Григорию Стариковскому
…напишут
об ухудшении здоровья, неудавшейся личной жизни, отсутствии денег или,
наоборот, о чрезмерном их присутствии. Все это будет правдой или близко к
правде.
Въедут
новые жильцы, покрасят заново стены, купят новую мебель или оставят всё, как
было. Устроят музей.
Будут
пожимать плечами. У всех в этом возрасте «со здоровьем», «семья… а у кого легко»,
«деньги… когда их хватает». Так, жизненные неурядицы, ушел безвременно, много
мог еще сделать, стоило из-за этого… Махнут рукой.
*
…жили
напротив Лувра, на улице Руль. Несколько шагов по узкому тротуару вдоль
булочной, мясной лавки до угла улицы Риволи, направо, перейдя на другую
сторону, в кондитерской эспрессо с эклером, если уже привезли, а там несколько
сот метров до угла дворца.
Я
приходил во внутренний Квадратный двор Лувра рано утром или поздно вечером,
когда только редкие прохожие спешили через ворота дворца к мосту Искусств,
чтобы перебраться с Правого берега Сены на Левый. Я мог бы часами сидеть на теплом
камне возле глубокой арки, где когда-то стояли гвардейцы охраны, томясь на
солнце и замерзая на сквозняке подворотни. Смотрел на стены, окна, синее в
облаках или темнеющее низкое небо над треугольным фронтоном. Многословность
и суетливость внутреннего убранства залов, лестниц, переходов казалась мне
застывшим отражением бантов, пряжек, шелка камзолов, нежно-розовых нижних юбок,
выглядывающих из под тяжелой парчи платьев, бизе отложных воротников сменяющихся
архитекторов, королей, их жен и любовниц. Бродя по залам, было легко
представить сутулых чертежников, портящих зрение над досками с приколотыми
листами прекрасной английской бумаги, с остро отточенным карандашом за ухом и
несвежими манжетами, серыми от графитной пыли. Как возникала эта сдержанность,
неспешная речь фасадов внутренних дворов с плавно кружащимися лестницами перед
наглухо затворенными высокими дверями, арок с треугольными сводчатыми
потолками, в которых эхо постепенно нарастает от начала к середине, набирает
силу и чистоту звука под самым скрещением и затухает к выходу, растворяясь в уличном
шуме.
Когда
солнце опустилось за вершину фронтона и весь фасад Квадратного двора скрылся в
тени, а на противоположенной стороне по верхнему ряду окон пробежала дрожь
последних отблесков, стена вдруг превратилась в темный прямоугольник холста
Марка Ротко, с мерцающими порезами холодных, голубых переплетов оконных рам.
*
…на
Эйфелеву башню я так и не поднялся. Ася и Айда пошли, а я нет. Я видел город с высоты башен Нотр-Дам-де-Пари, прячась от ветра за
черными стенами, выщербленными и холодными, покрытыми зеленой плесенью с теневой
стороны и теплыми, шершавыми, как горбушка серого хлеба, с солнечной. Химеры
горбились по углам башен, нахохлившись ежились на парапетах. Их пустые,
вылизанные ветром, выжженные солнцем сухие глазницы были обращены в светлую
пустоту летнего неба. Пройдя узким переходом, двоим не разойтись, нависавшим
над площадью перед собором, и свернув влево, я оказался возле одной из башен, у
черной дыры входа. Двери не было. Желтая лента ограждения, пустой стул. Никого.
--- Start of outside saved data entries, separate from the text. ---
lemma matrix_vector_mult_4:
  "((M::real^4^4) *v x) $ i = M$i$0*x$0 + M$i$1*x$1 + M$i$2*x$2 + M$i$3*x$3"
  by (simp add: matrix_vector_mult_def sum_UNIV_4)

lemma simplex4_iff:
  "x \<in> simplex4 \<longleftrightarrow>
     0 \<le> x$0 \<and> 0 \<le> x$1 \<and> 0 \<le> x$2 \<and> 0 \<le> x$3 \<and> x$0 + x$1 + x$2 + x$3 = 1"
  unfolding simplex4_def by (simp add: all_4_iff sum_UNIV_4)

lemma compact_simplex4: "compact simplex4"
proof (rule compact_eq_bounded_closed[THEN iffD2], rule conjI)
  have "norm x \<le> 1" if "x \<in> simplex4" for x
    using norm_le_l1_cart[of x] that unfolding simplex4_def by simp
  then show "bounded simplex4"
    by (auto simp: bounded_iff)
  have "simplex4 = (\<Inter>i. {x. 0 \<le> x$i}) \<inter> {x. (\<Sum>i\<in>UNIV. x$i) = 1}"
    unfolding simplex4_def by auto
  moreover have "closed {x::real^4. (\<Sum>i\<in>UNIV. x$i) = 1}" "closed {x::real^4. 0 \<le> x$i}" for i
    by (intro closed_Collect_eq closed_Collect_le continuous_intros continuous_on_component
        continuous_on_id)+
  ultimately show "closed simplex4"
    by (metis closed_Int closed_INT)
qed

lemma has_real_derivative_vec_nth:
  assumes "(x has_vector_derivative f) F"
  shows "((\<lambda>t. x t $ i) has_real_derivative f $ i) F"
  using bounded_linear.has_vector_derivative[OF bounded_linear_vec_nth assms]
  unfolding has_real_derivative_iff_has_vector_derivative .

lemma DERIV_max0_power2: "((\<lambda>u::real. (max 0 u)^2) has_real_derivative 2 * max 0 u) (at u)"
proof (cases u "0::real" rule: linorder_cases)
  case less
  have "\<forall>\<^sub>F y in nhds u. (max 0 y)^2 = 0"
    using eventually_nhds_in_open[of "{..<0}" u] less by (auto elim!: eventually_mono)
  then show ?thesis
    using less by (subst has_field_derivative_cong_eventually[where g="\<lambda>y. 0"])
      (auto simp: eventually_at_filter elim: eventually_mono)
next
  case equal
  have "\<forall>\<^sub>F y in at 0. max 0 (y::real) = ((max 0 y)^2 - (max 0 0)^2) / (y - 0)"
    unfolding eventually_at_filter by (auto simp: max_def power2_eq_square)
  moreover have "((\<lambda>y::real. max 0 y) \<longlongrightarrow> max 0 0) (at 0)"
    by (intro tendsto_intros)
  ultimately have "((\<lambda>y::real. ((max 0 y)^2 - (max 0 0)^2) / (y - 0)) \<longlongrightarrow> 0) (at 0)"
    using tendsto_cong by force
  then show ?thesis
    using equal unfolding has_field_derivative_iff by simp
next
  case greater
  have "\<forall>\<^sub>F y in nhds u. (max 0 y)^2 = y^2"
    using eventually_nhds_in_open[of "{0<..}" u] greater by (auto elim!: eventually_mono)
  moreover have "((\<lambda>y. y^2) has_real_derivative 2 * u) (at u)"
    by (auto intro!: derivative_eq_intros)
  ultimately show ?thesis
    using greater by (subst has_field_derivative_cong_eventually[where g="\<lambda>y. y^2"])
      (auto simp: eventually_at_filter elim: eventually_mono)
qed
Я стоял, скрытый стеной, в тени выступающего угла. Ступил на доски, застилавшие
каменные плиты. Под ногами скрипел песок, оставленный каменщиками,
ремонтировавшими кладку стен. Было очень тихо. Меня окружали
внутренние дворы, на десятки метров падающие вниз, в черноту; башни, нависшие
над сырой пустотой дворов-колодцев, переходов, мостов, арок, зеленых скатов
крыш; стены, шелушащиеся, как кожа старика; черные
оконные проемы и продрогшие химеры, их изъеденные дождями спины, морды, провалы
глаз, раскрытые пасти со сточенными, съеденными временем клыками, жилистые,
цепкие, судорожно сведенные когтистые пальцы, насмерть, на века вцепившиеся в
карнизы крыш, уступы балконов, скользкий камень плесневелых водостоков.
Солнце никогда не согревало их. Было странно чувствовать песок под ногами.
Песок – принадлежность земли, ее часть – здесь, на промозглой высоте, был чужим.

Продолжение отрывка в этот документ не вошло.